§ **WORK TASK**
Of the lines below, report only those that contain "exists".

Excerpts from a dataset:
Content starts
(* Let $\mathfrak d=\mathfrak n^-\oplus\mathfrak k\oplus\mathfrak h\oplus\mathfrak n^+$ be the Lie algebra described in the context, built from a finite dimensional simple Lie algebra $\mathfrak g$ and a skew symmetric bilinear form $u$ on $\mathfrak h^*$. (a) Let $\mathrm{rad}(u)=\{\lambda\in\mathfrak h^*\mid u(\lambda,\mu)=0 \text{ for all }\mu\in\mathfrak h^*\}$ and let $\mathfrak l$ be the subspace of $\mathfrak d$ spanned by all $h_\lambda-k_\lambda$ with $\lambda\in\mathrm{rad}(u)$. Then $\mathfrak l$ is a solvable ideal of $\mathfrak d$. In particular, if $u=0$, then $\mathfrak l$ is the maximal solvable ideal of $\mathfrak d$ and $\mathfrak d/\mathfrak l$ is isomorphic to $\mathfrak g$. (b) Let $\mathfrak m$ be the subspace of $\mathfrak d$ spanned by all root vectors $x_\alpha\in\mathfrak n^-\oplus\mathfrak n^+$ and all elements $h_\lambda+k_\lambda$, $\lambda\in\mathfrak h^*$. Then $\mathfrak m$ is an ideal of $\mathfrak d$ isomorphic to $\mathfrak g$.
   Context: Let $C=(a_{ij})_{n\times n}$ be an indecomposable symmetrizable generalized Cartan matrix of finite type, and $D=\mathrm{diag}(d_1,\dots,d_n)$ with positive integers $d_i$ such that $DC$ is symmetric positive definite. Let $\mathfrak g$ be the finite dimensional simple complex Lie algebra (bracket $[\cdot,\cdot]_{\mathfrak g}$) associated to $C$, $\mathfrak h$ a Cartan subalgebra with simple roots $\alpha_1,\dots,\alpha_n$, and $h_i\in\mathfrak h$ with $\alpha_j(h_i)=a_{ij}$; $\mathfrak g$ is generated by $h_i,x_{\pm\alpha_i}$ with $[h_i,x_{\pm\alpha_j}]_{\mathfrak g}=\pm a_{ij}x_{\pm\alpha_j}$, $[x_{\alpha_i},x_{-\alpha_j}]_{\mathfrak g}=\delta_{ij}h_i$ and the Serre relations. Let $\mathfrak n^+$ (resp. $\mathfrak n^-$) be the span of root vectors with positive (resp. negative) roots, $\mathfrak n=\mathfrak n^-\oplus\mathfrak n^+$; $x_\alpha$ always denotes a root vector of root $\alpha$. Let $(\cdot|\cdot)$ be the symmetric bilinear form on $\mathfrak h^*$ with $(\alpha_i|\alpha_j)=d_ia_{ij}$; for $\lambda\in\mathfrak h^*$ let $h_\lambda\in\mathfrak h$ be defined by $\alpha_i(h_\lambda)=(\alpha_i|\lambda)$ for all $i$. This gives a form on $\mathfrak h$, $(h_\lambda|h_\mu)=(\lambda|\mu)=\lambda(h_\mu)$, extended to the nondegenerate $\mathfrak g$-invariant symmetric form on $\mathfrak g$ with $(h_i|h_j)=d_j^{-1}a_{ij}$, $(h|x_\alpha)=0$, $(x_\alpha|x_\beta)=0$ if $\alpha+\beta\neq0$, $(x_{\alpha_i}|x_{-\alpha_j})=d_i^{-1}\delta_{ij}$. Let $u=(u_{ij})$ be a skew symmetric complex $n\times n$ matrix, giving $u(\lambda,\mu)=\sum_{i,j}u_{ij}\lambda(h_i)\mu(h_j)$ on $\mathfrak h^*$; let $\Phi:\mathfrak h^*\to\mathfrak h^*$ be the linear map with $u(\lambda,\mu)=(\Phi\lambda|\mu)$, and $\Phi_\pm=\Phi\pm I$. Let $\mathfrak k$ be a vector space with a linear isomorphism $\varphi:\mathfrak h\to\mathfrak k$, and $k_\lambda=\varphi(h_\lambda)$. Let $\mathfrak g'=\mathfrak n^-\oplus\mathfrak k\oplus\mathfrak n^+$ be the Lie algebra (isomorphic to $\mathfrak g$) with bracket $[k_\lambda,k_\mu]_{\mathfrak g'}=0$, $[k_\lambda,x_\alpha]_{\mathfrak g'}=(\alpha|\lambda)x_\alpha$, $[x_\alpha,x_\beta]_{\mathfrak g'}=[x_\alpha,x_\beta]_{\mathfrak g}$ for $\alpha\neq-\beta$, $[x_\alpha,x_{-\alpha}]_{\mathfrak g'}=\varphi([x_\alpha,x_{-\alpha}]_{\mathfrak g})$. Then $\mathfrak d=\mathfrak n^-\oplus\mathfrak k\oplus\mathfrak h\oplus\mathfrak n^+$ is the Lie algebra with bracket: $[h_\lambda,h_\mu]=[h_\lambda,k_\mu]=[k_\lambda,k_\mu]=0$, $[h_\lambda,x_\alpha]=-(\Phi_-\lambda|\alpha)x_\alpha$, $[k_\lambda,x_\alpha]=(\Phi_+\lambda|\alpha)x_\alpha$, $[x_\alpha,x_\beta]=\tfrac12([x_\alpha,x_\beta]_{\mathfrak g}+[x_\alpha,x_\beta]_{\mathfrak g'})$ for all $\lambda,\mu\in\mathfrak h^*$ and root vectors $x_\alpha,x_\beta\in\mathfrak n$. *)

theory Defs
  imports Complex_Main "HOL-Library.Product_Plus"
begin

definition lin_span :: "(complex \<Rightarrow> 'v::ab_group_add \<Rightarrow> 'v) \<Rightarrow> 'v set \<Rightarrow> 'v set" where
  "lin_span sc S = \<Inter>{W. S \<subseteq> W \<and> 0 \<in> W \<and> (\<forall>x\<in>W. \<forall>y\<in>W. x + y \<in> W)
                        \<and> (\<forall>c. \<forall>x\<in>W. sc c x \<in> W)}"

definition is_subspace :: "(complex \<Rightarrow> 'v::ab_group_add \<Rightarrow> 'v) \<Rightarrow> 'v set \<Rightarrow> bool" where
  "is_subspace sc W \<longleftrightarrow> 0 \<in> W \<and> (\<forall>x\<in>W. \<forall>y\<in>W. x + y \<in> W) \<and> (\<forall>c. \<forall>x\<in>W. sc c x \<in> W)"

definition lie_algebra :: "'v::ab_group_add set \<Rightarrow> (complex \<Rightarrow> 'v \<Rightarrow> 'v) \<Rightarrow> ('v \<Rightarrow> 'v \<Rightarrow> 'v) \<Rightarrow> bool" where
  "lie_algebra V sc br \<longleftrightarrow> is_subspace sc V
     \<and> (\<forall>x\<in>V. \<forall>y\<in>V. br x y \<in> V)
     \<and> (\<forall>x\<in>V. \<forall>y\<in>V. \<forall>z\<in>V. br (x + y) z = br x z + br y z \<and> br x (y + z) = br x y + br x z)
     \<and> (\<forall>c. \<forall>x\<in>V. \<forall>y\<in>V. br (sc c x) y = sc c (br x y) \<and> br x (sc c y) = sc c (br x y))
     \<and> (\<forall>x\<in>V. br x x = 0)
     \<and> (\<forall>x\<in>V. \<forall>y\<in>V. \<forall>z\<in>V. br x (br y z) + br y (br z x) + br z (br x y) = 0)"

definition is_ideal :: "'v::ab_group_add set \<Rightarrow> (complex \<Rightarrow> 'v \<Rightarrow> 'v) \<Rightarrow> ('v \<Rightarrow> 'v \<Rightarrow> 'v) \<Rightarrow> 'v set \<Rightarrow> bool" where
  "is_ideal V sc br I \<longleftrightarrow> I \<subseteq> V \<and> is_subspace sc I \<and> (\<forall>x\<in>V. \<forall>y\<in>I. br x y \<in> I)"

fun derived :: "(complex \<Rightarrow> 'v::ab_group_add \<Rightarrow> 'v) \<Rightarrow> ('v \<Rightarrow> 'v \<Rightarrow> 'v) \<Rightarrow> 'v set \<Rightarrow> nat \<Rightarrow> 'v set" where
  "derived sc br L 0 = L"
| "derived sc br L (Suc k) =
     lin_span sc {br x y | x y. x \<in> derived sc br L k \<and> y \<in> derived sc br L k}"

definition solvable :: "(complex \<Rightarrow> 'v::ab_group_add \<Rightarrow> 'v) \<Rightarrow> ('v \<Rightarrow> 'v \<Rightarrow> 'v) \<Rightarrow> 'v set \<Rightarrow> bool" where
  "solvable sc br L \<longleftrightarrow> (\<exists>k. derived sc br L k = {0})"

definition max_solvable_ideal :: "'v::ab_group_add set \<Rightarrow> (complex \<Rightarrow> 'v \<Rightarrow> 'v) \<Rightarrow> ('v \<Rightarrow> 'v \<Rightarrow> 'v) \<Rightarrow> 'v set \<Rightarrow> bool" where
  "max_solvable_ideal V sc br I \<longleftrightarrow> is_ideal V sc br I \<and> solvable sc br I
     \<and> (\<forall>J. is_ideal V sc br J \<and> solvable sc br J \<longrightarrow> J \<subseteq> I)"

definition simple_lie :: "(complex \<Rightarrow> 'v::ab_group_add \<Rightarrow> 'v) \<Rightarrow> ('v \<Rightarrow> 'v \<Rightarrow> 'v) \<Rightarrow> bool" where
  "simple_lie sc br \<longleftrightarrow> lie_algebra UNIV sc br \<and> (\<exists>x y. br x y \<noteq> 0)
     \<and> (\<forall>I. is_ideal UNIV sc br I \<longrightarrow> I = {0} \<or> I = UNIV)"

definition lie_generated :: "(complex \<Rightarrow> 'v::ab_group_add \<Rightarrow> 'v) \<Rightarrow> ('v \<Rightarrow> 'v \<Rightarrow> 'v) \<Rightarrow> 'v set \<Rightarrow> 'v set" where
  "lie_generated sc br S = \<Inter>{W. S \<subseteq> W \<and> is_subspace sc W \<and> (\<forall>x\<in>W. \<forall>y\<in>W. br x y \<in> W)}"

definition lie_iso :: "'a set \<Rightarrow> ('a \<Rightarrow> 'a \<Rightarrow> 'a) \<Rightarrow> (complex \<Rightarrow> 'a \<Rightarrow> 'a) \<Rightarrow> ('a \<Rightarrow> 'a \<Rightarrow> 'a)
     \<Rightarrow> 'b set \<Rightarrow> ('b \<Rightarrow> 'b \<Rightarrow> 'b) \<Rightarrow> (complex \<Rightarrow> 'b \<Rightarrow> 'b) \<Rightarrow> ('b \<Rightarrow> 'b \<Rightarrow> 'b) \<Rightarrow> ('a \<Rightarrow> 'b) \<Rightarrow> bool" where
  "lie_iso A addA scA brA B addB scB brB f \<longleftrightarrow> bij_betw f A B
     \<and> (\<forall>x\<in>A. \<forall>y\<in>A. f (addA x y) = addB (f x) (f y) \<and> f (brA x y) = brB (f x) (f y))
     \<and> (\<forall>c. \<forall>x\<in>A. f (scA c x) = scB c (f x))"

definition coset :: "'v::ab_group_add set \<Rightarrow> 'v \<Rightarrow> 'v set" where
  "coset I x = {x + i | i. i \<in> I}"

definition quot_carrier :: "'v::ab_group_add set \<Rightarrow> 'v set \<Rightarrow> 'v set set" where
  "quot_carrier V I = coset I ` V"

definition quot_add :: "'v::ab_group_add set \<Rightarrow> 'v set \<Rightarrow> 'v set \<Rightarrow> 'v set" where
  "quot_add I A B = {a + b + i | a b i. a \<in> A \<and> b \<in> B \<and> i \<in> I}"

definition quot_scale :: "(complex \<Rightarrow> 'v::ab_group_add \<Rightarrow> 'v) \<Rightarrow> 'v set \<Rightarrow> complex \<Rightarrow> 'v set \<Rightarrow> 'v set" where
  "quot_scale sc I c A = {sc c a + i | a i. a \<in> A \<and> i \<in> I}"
Content ends
§ **TASK ANSWER**
  "solvable sc br L \<longleftrightarrow> (\<exists>k. derived sc br L k = {0})"
  "simple_lie sc br \<longleftrightarrow> lie_algebra UNIV sc br \<and> (\<exists>x y. br x y \<noteq> 0)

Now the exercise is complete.